**Exercise description:**
Take the data below and copy exactly the lines starting at the one with "last i by simp" and finishing at the one with "using \<open>2 * i0", both included.

[Source data]

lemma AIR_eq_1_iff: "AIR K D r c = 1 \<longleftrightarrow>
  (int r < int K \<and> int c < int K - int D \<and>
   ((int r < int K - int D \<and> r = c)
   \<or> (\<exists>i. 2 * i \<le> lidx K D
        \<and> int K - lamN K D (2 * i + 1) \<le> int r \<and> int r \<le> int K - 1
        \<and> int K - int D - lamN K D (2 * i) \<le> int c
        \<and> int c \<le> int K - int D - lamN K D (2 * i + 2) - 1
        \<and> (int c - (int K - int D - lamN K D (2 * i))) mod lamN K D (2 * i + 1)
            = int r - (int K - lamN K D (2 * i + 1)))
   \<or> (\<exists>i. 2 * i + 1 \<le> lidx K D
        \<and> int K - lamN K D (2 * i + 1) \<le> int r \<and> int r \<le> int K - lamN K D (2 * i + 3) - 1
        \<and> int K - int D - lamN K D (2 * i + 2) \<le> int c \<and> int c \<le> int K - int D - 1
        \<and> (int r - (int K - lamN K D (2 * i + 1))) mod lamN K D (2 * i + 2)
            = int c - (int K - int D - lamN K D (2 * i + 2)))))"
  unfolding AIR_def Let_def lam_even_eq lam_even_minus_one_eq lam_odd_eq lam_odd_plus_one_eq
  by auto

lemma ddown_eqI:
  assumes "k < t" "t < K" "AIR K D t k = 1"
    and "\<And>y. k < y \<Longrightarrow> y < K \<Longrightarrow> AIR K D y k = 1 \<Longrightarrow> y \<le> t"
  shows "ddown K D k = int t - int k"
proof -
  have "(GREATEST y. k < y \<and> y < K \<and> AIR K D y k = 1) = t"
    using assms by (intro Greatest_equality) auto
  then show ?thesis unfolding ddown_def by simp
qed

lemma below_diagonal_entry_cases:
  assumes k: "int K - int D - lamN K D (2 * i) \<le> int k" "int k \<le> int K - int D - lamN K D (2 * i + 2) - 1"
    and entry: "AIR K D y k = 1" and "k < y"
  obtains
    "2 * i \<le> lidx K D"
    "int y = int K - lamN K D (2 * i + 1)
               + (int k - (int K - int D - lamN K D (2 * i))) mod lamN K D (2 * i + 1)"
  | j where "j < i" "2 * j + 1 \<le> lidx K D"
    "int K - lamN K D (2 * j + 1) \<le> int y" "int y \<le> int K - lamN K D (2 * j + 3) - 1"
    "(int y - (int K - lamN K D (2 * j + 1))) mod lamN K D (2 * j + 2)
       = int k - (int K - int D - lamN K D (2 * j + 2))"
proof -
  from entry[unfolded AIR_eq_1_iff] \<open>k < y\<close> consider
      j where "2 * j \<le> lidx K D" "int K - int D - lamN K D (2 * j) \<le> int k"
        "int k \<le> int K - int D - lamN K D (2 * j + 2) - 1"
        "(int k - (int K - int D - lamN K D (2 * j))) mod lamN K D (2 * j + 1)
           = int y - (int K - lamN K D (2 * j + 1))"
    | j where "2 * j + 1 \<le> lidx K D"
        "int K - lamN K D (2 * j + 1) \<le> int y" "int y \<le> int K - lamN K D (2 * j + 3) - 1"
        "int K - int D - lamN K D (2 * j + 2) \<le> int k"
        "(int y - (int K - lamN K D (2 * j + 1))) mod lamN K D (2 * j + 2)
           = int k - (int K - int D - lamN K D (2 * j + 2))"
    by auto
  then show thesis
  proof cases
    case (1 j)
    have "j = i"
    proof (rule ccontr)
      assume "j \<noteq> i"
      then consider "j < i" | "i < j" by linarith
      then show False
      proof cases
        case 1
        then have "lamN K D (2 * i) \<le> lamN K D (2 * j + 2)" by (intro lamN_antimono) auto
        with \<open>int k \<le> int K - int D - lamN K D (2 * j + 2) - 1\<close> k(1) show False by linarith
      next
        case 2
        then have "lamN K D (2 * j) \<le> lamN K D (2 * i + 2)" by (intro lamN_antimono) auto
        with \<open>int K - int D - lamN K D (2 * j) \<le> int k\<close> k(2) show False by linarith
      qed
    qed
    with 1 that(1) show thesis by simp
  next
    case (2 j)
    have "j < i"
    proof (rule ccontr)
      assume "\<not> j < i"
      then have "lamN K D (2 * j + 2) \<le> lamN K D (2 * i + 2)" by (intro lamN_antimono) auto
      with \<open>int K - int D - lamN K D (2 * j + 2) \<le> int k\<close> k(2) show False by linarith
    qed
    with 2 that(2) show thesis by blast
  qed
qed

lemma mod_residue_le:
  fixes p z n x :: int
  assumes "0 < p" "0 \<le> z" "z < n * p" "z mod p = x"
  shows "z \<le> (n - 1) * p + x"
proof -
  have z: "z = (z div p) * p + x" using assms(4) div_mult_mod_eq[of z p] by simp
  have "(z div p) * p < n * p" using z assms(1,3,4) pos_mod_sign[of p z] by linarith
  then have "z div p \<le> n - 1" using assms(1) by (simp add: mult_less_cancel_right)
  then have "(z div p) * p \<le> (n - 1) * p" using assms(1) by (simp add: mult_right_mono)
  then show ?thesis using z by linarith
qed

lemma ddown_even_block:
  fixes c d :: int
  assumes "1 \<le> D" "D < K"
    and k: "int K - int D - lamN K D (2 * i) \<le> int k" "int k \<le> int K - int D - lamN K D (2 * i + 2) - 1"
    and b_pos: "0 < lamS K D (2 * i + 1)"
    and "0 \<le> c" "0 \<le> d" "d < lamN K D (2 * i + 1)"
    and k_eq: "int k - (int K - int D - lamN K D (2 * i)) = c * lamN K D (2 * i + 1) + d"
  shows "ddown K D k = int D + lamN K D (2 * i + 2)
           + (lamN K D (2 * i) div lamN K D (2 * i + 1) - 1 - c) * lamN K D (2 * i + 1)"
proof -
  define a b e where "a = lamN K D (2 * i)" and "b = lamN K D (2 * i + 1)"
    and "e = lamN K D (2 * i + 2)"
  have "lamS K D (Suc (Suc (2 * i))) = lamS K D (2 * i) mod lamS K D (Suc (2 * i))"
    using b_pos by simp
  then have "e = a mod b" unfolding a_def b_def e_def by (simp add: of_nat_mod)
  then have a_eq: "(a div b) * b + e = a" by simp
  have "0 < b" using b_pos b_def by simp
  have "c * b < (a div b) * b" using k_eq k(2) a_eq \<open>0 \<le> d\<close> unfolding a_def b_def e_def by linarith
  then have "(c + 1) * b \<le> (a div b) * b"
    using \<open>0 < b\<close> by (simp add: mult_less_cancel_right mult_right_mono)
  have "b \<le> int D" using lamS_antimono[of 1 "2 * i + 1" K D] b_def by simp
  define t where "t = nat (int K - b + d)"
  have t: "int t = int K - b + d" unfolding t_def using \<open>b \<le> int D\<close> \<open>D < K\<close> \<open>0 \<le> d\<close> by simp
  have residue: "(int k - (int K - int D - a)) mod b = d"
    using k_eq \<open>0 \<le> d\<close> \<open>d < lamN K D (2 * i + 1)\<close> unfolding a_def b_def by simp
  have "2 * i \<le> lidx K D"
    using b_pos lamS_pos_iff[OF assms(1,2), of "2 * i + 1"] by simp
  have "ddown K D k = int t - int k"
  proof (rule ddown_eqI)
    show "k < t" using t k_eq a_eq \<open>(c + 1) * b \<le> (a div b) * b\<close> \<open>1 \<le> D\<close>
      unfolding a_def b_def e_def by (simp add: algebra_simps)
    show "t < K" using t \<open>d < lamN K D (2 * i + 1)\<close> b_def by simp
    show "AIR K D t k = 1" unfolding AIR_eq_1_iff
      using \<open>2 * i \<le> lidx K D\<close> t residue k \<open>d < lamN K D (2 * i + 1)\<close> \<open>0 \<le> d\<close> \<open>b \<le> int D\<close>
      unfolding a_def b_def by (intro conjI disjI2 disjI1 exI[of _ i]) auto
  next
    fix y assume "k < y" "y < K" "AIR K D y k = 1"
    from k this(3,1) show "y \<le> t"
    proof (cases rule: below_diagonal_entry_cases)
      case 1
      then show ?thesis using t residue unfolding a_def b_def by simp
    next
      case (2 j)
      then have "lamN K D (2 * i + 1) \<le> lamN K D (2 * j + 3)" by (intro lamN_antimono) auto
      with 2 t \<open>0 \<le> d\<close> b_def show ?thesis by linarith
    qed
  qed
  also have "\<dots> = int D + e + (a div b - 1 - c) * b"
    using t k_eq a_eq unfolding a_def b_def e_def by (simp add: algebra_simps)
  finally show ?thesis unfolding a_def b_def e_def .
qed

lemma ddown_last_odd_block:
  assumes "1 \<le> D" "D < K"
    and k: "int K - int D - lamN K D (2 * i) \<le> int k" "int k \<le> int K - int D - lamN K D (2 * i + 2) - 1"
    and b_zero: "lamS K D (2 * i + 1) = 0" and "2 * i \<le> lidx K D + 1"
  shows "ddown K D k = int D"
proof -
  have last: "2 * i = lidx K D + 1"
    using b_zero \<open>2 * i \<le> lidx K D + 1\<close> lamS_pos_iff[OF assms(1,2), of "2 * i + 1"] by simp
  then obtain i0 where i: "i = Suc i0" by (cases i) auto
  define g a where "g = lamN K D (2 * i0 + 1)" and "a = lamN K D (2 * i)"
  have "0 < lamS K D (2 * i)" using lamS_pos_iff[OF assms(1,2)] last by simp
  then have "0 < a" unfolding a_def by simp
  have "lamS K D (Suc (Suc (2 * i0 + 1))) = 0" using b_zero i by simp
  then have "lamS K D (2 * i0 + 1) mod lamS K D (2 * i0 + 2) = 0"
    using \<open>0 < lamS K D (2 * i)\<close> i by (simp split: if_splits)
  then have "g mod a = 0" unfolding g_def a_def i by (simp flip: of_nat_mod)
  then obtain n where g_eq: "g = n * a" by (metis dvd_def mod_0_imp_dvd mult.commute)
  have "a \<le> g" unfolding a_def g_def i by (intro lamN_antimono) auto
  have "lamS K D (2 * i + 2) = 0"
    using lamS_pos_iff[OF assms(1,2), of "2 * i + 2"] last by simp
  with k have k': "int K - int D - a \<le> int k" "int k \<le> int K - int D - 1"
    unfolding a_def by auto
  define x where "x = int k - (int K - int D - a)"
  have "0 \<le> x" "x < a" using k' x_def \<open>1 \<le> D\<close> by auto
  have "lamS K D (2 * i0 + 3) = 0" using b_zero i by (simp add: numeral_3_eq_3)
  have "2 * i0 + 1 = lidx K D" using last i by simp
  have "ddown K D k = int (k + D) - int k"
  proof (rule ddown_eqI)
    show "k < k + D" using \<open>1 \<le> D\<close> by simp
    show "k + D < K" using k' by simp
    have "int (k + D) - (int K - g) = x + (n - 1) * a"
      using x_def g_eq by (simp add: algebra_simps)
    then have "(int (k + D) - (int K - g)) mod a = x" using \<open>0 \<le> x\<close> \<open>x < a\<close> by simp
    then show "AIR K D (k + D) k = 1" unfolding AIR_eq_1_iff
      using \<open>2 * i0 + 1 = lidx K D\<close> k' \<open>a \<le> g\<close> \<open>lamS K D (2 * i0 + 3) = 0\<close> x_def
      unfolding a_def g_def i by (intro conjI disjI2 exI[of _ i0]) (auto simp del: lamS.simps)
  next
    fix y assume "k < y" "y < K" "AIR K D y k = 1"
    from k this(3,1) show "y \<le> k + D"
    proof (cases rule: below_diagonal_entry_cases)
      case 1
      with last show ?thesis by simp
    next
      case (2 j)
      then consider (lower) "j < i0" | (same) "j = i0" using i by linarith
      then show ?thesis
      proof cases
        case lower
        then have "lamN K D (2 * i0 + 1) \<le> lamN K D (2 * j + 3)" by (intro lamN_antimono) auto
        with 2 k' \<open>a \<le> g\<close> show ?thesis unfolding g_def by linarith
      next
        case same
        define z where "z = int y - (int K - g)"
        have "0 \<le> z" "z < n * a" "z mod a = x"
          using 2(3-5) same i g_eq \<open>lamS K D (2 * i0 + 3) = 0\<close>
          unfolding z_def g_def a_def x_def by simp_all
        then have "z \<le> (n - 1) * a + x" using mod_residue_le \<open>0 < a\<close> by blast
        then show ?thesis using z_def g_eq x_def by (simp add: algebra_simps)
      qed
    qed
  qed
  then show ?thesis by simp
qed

**Solution:**
  have "2 * i0 + 1 = lidx K D" using last i by simp
  have "ddown K D k = int (k + D) - int k"
  proof (rule ddown_eqI)
    show "k < k + D" using \<open>1 \<le> D\<close> by simp
    show "k + D < K" using k' by simp
    have "int (k + D) - (int K - g) = x + (n - 1) * a"
      using x_def g_eq by (simp add: algebra_simps)
    then have "(int (k + D) - (int K - g)) mod a = x" using \<open>0 \<le> x\<close> \<open>x < a\<close> by simp
    then show "AIR K D (k + D) k = 1" unfolding AIR_eq_1_iff
      using \<open>2 * i0 + 1 = lidx K D\<close> k' \<open>a \<le> g\<close> \<open>lamS K D (2 * i0 + 3) = 0\<close> x_def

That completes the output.